With a production budget of US$5 million, filming began in the United Arab Emirates in late March 2011 and took place at several locations throughout Dubai. The subject matter was treated with caution so it would not offend local values in the different towns where filming took place. In Al Jazira Al Hamra, the cast and crew avoided using the word "djinn" and also taped over the film's title on the director's chair. By late August 2011, the film was in post-production.

==Release==
In February 2011 Fortissimo Films acquired the right to represent international sales for Image Nation's films, including Djinn. The film had a test screening in December 2011 in London, which 300 moviegoers attended. It was offered "a red-carpet premiere" at the 2011 Dubai International Film Festival but was not screened at the festival. The studio promised a theatrical release in early 2012 then in mid-2012; neither release transpired. The National reported in January 2012 that a website said that Image Nation turned down two distribution offers, but Image Nation denied this and said the film took longer than expected in post-production. In December 2012, The Guardian covered the film's delay and cited multiple reasons. The paper reported that unofficial reasons included people related to Abu Dhabi's royal family finding the film "to be politically subversive", horror films being "seen as totally foreign, culturally speaking" in the United Arab Emirates, and local pride that led to "rewrites and restructuring". Image Nation's CEO Michael Garin denied these reasons and blamed the delay on meeting the Directors Guild of America's requirements.

Sales for Djinn were launched at the 63rd Berlin International Film Festival in February 2013 and continued at the 2013 Cannes Film Festival the following May. The film premiered at the Abu Dhabi Film Festival on October 25, 2013.

==Critical reception==
Jay Weissberg at Variety said Djinn looked "outright bad" for a film by Hooper. The critic wrote, "This limp attempt at local horror takes elements from Rosemary's Baby, The Grudge, and others, thrown together into a cheesy, ham-fisted ghost story... Hooper's lack of engagement isn't helped by unimaginative f/x and leaden dialogue." Weissberg did not find the film scary due to its recycling of the elements and thought that characterization was nonexistent. He also said that Djinn was not redeemed by either its cinematography or editing.

Ronan Doyle at Indiewire also panned the film, "From its very first frame, expounding exposition over a shoddily-shot desert sequence, this is an unmitigated disaster of a movie, every bit as horrible as the events it attempts to portray." Doyle wrote the film was a disappointment "tonally as well as technically". He found Tully's script to be "insistently uninventive" in reusing common horror elements. Doyle concluded, "Djinn represents, in the end, a fundamental failure to capitalize on the chance for a particularly culturally-rooted new breed of horror film."

Marwa Hamad, reviewing for Gulf News, wrote that the film's use of djinns was a welcome change from traditional horror narratives. Hamad wrote, "The gimmicky nature of the film is undeniable, relying on the jump-in-your-seat sort of shockers rather than really messing with its viewers’ psyches ... But that doesn't mean that Djinn failed to break ground." Hamad commended the portrayal of the Westernized Arab couple, "The characters' crisis of nationality and lack of belonging underlies the entirety of the plot." She noted, "In that sense, the movie was able to resonate with—and subsequently instill terror into—a certain segment of viewers who usually benefit from feeling a sense of detachment from horror film victims who look and talk nothing like them."

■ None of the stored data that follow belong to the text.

lemma (in prob_space) nn_integral_abs_le_sqrt_second_moment:
  fixes X :: "'a \<Rightarrow> real"
  assumes X_sq: "integrable M (\<lambda>x. (X x)\<^sup>2)" and le_V: "integral\<^sup>L M (\<lambda>x. (X x)\<^sup>2) \<le> V"
    and V: "0 < V"
  shows "(\<integral>\<^sup>+x. ennreal \<bar>X x\<bar> \<partial>M) \<le> ennreal (sqrt V)"
proof -
  \<comment> \<open>the AM-GM weight for which both terms of the bound equal \<open>sqrt V / 2\<close>\<close>
  define a where "a = 1 / sqrt V"
  have a: "a > 0" using V by (simp add: a_def)
  have am_gm: "\<bar>X x\<bar> \<le> (a * (X x)\<^sup>2 + 1 / a) / 2" for x
  proof -
    have "0 \<le> (a * \<bar>X x\<bar> - 1)\<^sup>2" by simp
    then have "2 * a * \<bar>X x\<bar> \<le> a\<^sup>2 * (X x)\<^sup>2 + 1" by (simp add: power2_eq_square algebra_simps)
    then show ?thesis using a by (simp add: field_simps power2_eq_square)
  qed
  have bound_int: "integrable M (\<lambda>x. (a * (X x)\<^sup>2 + 1 / a) / 2)" using X_sq by simp
  have "(\<integral>\<^sup>+x. ennreal \<bar>X x\<bar> \<partial>M) \<le> (\<integral>\<^sup>+x. ennreal ((a * (X x)\<^sup>2 + 1 / a) / 2) \<partial>M)"
    by (intro nn_integral_mono ennreal_leI am_gm)
  also have "\<dots> = ennreal (integral\<^sup>L M (\<lambda>x. (a * (X x)\<^sup>2 + 1 / a) / 2))"
    using a by (intro nn_integral_eq_integral bound_int) auto
  also have "integral\<^sup>L M (\<lambda>x. (a * (X x)\<^sup>2 + 1 / a) / 2) = (a * integral\<^sup>L M (\<lambda>x. (X x)\<^sup>2) + 1 / a) / 2"
    using X_sq prob_space by simp
  also have "\<dots> \<le> (a * V + 1 / a) / 2"
    using le_V a by (simp add: divide_right_mono mult_left_mono)
  also have "(a * V + 1 / a) / 2 = sqrt V"
    using V unfolding a_def by (simp add: field_simps)
  finally show ?thesis by (simp add: ennreal_leI)
qed

lemma square_le_exp_plus_exp_neg: "(x::real)\<^sup>2 \<le> 2 * exp x + 2 * exp (-x)"
proof -
  have "\<bar>x\<bar>\<^sup>2 \<le> 2 * exp \<bar>x\<bar>"
    using exp_lower_Taylor_quadratic[of "\<bar>x\<bar>"] by simp
  then show ?thesis
    by (cases "x \<ge> 0") (auto simp: add_increasing add_increasing2)
qed

lemma
  assumes "sub_gaussian1 D"
  shows integrable_square_sub_gaussian1: "integrable D (\<lambda>x. x\<^sup>2)"
    and second_moment_sub_gaussian1_le: "integral\<^sup>L D (\<lambda>x. x\<^sup>2) \<le> 4 * exp (1 / 2)"
proof -
  have mgf: "integrable D (\<lambda>x. exp (l * x))" "integral\<^sup>L D (\<lambda>x. exp (l * x)) \<le> exp (l\<^sup>2 / 2)" for l
    using assms unfolding sub_gaussian1_def by auto
  have bound_int: "integrable D (\<lambda>x. 2 * exp x + 2 * exp (-x))"
    using mgf(1)[of 1] mgf(1)[of "-1"] by simp
  have [measurable_cong]: "sets D = sets borel"
    using assms unfolding sub_gaussian1_def by auto
  show sq_int: "integrable D (\<lambda>x. x\<^sup>2)"
    by (rule Bochner_Integration.integrable_bound[OF bound_int])
      (auto intro!: AE_I2 order_trans[OF square_le_exp_plus_exp_neg])
  have "integral\<^sup>L D (\<lambda>x. x\<^sup>2) \<le> integral\<^sup>L D (\<lambda>x. 2 * exp x + 2 * exp (-x))"
    by (rule integral_mono[OF sq_int bound_int square_le_exp_plus_exp_neg])
  also have "\<dots> = 2 * integral\<^sup>L D (\<lambda>x. exp (1 * x)) + 2 * integral\<^sup>L D (\<lambda>x. exp ((-1) * x))"
    using mgf(1)[of 1] mgf(1)[of "-1"] by simp
  also have "\<dots> \<le> 4 * exp (1 / 2)"
    using mgf(2)[of 1] mgf(2)[of "-1"] by simp
  finally show "integral\<^sup>L D (\<lambda>x. x\<^sup>2) \<le> 4 * exp (1 / 2)" .
qed

definition unit_mean :: "nat \<Rightarrow> (nat \<Rightarrow> real) \<Rightarrow> real" where
  "unit_mean N f = 1 / real N * (\<Sum>i<N. f i)"

lemma
  assumes "\<And>i. i < N \<Longrightarrow> 0 \<le> f i \<and> f i \<le> 1"
  shows unit_mean_nonneg: "0 \<le> unit_mean N f"
    and unit_mean_le_one: "unit_mean N f \<le> 1"
proof -
  show "0 \<le> unit_mean N f"
    unfolding unit_mean_def by (intro mult_nonneg_nonneg sum_nonneg) (use assms in auto)
  have "(\<Sum>i<N. f i) \<le> real N"
    using sum_mono[of "{..<N}" f "\<lambda>_. 1"] assms by simp
  then show "unit_mean N f \<le> 1"
    unfolding unit_mean_def by (cases "N = 0") (simp_all add: field_simps)
qed

lemma
  fixes N :: nat
  assumes "sub_gaussian1 D"
  defines "Q \<equiv> PiM {..<N} (\<lambda>_. D)"
  shows prob_space_noise: "prob_space Q"
    and measurable_unit_mean_noise: "unit_mean N \<in> borel_measurable Q"
    and integral_unit_mean_noise: "integral\<^sup>L Q (unit_mean N) = 0"
    and integrable_unit_mean_noise_square: "integrable Q (\<lambda>\<eta>. (unit_mean N \<eta>)\<^sup>2)"
    and integral_unit_mean_noise_square_le: "integral\<^sup>L Q (\<lambda>\<eta>. (unit_mean N \<eta>)\<^sup>2) \<le> 4 * exp (1 / 2)"
proof -
  have D: "prob_space D" "integrable D (\<lambda>x. x)" "integral\<^sup>L D (\<lambda>x. x) = 0"
    and [measurable_cong]: "sets D = sets borel"
    using assms(1) unfolding sub_gaussian1_def by auto
  interpret product_prob_space "\<lambda>_. D" "{..<N}"
    by (intro product_prob_spaceI D)
  have id_meas: "(\<lambda>x. x) \<in> borel_measurable D" by measurable
  show "prob_space Q" unfolding Q_def by (rule prob_space_PiM) (use D in auto)
  show "unit_mean N \<in> borel_measurable Q" unfolding Q_def unit_mean_def by measurable
  have mean_eq: "unit_mean N \<eta> = (\<Sum>i<N. 1 / real N * \<eta> i)" for \<eta>
    by (simp add: unit_mean_def sum_distrib_left)
  show "integral\<^sup>L Q (unit_mean N) = 0"
    unfolding mean_eq Q_def
    using integrable_PiM_component[OF _ id_meas D(2)] integral_PiM_component[OF _ id_meas D(2)] D(3)
    by (simp add: Bochner_Integration.integral_sum)
  note sq = integrable_square_sub_gaussian1[OF assms(1)] second_moment_sub_gaussian1_le[OF assms(1)]
  show "integrable Q (\<lambda>\<eta>. (unit_mean N \<eta>)\<^sup>2)"
    unfolding mean_eq Q_def
    by (rule integrable_PiM_weighted_sum_square[where h = "\<lambda>_ x. x"]) (use id_meas sq D(3) in auto)
  have "integral\<^sup>L Q (\<lambda>\<eta>. (unit_mean N \<eta>)\<^sup>2) \<le> 4 * exp (1 / 2) * (\<Sum>i<N. (1 / real N)\<^sup>2)"
    unfolding mean_eq Q_def
    by (rule integral_PiM_weighted_sum_square_le[where h = "\<lambda>_ x. x"]) (use id_meas sq D(3) in auto)
  also have "(\<Sum>i<N. (1 / real N)\<^sup>2) \<le> 1"
    by (cases "N = 0") (simp_all add: power2_eq_square)
  finally show "integral\<^sup>L Q (\<lambda>\<eta>. (unit_mean N \<eta>)\<^sup>2) \<le> 4 * exp (1 / 2)"
    by simp
qed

The website Culture Crypt said: " 'Djinn' is an 'almost there' movie. It possesses building blocks for original terror, though not the courage to double down on its DNA, opting instead to hedge bets with watered-down drama and routine frights. Acting is on point when scenes are spoken in Arabic, but deadened dialogue delivery in English chills chemistry between characters. Like its namesake, 'Djinn' wanders between two worlds, committed to neither and unable to form any fuller than a shadow of what it once was, or what it could have been."